10 Binatang Paling Mematikan di Dunia | Kumpulan Cerita Lucu

Saturday, August 18, 2012

10 Binatang Paling Mematikan di Dunia

Binatang-binatang yang hidup di dunia tidak selamanya bersahabat dengan manusia. Ada beberapa yang membahayakan bahkan bisa menyebabkan kematian bagi jutaan manusia. Apa saja itu? Berikut rangkumkan untuk Anda.
1. Nyamuk
Hewan paling berbahaya dan mematikan di dunia adalah nyamuk, yang dalam setahun membunuh 2 hingga 3 juta orang di seluruh dunia. Dia mampu menyebarkan beberapa jenis penyakit mematikan melalui gigitannya yang membawa parasit. Beberapa penyakit mematikan yang disebarkan oleh nyamuk adalah Demam Berdarah Dengue dan Malaria. Penyakit lainnya yang disebarkan nyamuk adalah Kaki Gajah, Sakit Kuning, dan Virus Nil Barat. Umumnya penyakit-penyakit ini menyebar di negara-negara tropis.
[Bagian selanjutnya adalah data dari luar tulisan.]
lemma power_alt_dvd_exp_dvd_alt_sum:
  "([:1, 1:] :: 'a::{idom, ring_char_0} poly) ^ alt_dvd_exp j n dvd alt_sum (tq_weight j) n"
proof (induction n rule: less_induct)
  case (less n)
  show ?case
  proof (cases "n = 0")
    case False
    then have "n \<ge> 1" by simp
    define T where "T = alt_dvd_exp j (n - 1)"
    have "([:1, 1:] :: 'a poly) ^ T dvd
        of_nat (n choose m) * rise_fall_prod (tq_weight j) m n * alt_prefix (tq_weight j) m"
      if "m < n" for m
      unfolding mult.assoc T_def
      by (rule dvd_mult) (rule power_alt_dvd_exp_dvd_expansion_term[OF that less.IH[OF that]])
    then have T: "([:1, 1:] :: 'a poly) ^ T dvd alt_sum (tq_weight j) n"
      unfolding alt_sum_expansion[OF \<open>n \<ge> 1\<close>] by (intro dvd_sum) simp
    show ?thesis
    proof (cases "2 \<le> n \<and> even (n + j)")
      case True
      then have "1 \<le> n - 1" and "Suc (n - 1) = n"
        by auto
      then have "alt_dvd_exp j n = Suc T"
        using alt_dvd_exp_Suc[of "n - 1" j] True by (simp add: T_def)
      moreover have "odd (shifted_maj_max j n + T)"
        using even_shifted_maj_max_add_alt_dvd_exp[of n j] True by (simp add: T_def)
      ultimately show ?thesis
        using palindromic_dvd_Suc[OF degree_alt_sum_tq_weight reflect_at_alt_sum_tq_weight T] by simp
    next
      case False
      then have "alt_dvd_exp j n = T"
        using alt_dvd_exp_Suc[of "n - 1" j] \<open>n \<noteq> 0\<close>
        by (cases "n = 1") (auto simp: T_def alt_dvd_exp_def)
      then show ?thesis using T by simp
    qed
  qed (simp add: alt_dvd_exp_def)
qed

theorem theorem4p5:
  fixes n j :: nat
  assumes "n \<ge> 1"
  defines "q \<equiv> [:0, 1:] :: int poly"
  shows "(even n \<longrightarrow>
            (even j \<longrightarrow> (1 + q) ^ (n div 2) dvd altA n (q ^ j) q) \<and>
            (odd j \<longrightarrow> (1 + q) ^ ((n - 1) div 2) dvd altA n (q ^ j) q)) \<and>
         (odd n \<longrightarrow> (1 + q) ^ (n div 2) dvd altA n (q ^ j) q) \<and>
         (1 + q) ^ (n div 2) dvd altA n 1 q"
proof -
  have dvd: "(1 + q) ^ ((if even c then n else n - 1) div 2) dvd altA n (q ^ c) q" for c
    using power_alt_dvd_exp_dvd_alt_sum[of c n]
    by (simp add: q_def altA_eq_alt_sum alt_dvd_exp_eq one_pCons)
  have "odd n \<Longrightarrow> (n - 1) div 2 = n div 2"
    by (auto elim: oddE)
  then show ?thesis
    using dvd[of j] dvd[of 0] by auto
qed

end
Namun, karena perubahan iklim, nyamuk juga mampu hidup dan menyebarkan
penyakit di negara-negara beriklim subtropis dan kutub seperti Inggris, New Zealand, dan Jepang.dapat membunuh 2-3korban Jt/Thn.

2. Ular Berbisa

Di posisi kedua terakhir, hadir ular berbisa yang merupakan salah satu hewan yang paling berbahaya di dunia. Di dunia ini, setidaknya ada 450 jenis ular beracun, dan 250 di antaranya mampu membunuh manusia. Kejadian penyerangan ular terhadap manusia paling banyak terjadi Afrika, Asia, dan Amerika Utara. Manusia merupakan mangsa yang paling mudah bagi racun masuk ke aliran darahnya. Sekali menyuntik bisanya, bisa lari ke sekujur tubuh manusia. Dalam setahun, 50 hingga 125 ribu manusia tewas akibat digigit ular berbisa.


3. Kucing Besar

Meskipun banyak dikagumi masyarakat dunia, kucing besar termasuk hewan paling berbahaya di dunia. Masuk dalam kategori ini adalah singa, harimau, dan jaguar. Dengan kecepatan lari yang cepat, mereka bisa menangkap mangsa yang berlari lebih lambat darinya dengan mudah, termasuk manusia. Di Tanzania, sekitar 70 orang dibunuh oleh singa. Umumnya, jenis kucing besar ini hidup di Afrika dan Asia. Setiap tahunnya di dunia, kucing besar menyebabkan 800-2000 orang terbunuh per tahun.
4. Kalajengking

Meskipun kecil, kalajengking lebih banyak menyebabkan kematian dibandingkan kucing besar dan buaya. Serangga berkaki delapan ini tercatat seringkali menyebabkan kematian paling fatal melalui bisa yang berada di ujung ekornya. Dalam setahun, sekitar 800 orang tewas akibat sengatan kalajengking.

5. Hiu Putih Besar
Hiu putih besar, Nama ilmiah Carcharodon carcharias, juga dikenal sebagai putih besar, pointer putih, hiu putih, atau kematian putih, adalah besar lamniform hiu yang ditemukan di perairan pesisir di seluruh permukaan besar lautan . Hiu putih besar dikenal karena ukurannya, dengan individu terbesar yang diketahui telah mendekati atau melampaui 6 meter (20 kaki) panjangnya, dan 2.268 kilogram (5.000 lb) berat. Hiu ini mencapai kematangan pada sekitar 15 tahun dan dapat memiliki rentang hidup lebih dari 30 tahun.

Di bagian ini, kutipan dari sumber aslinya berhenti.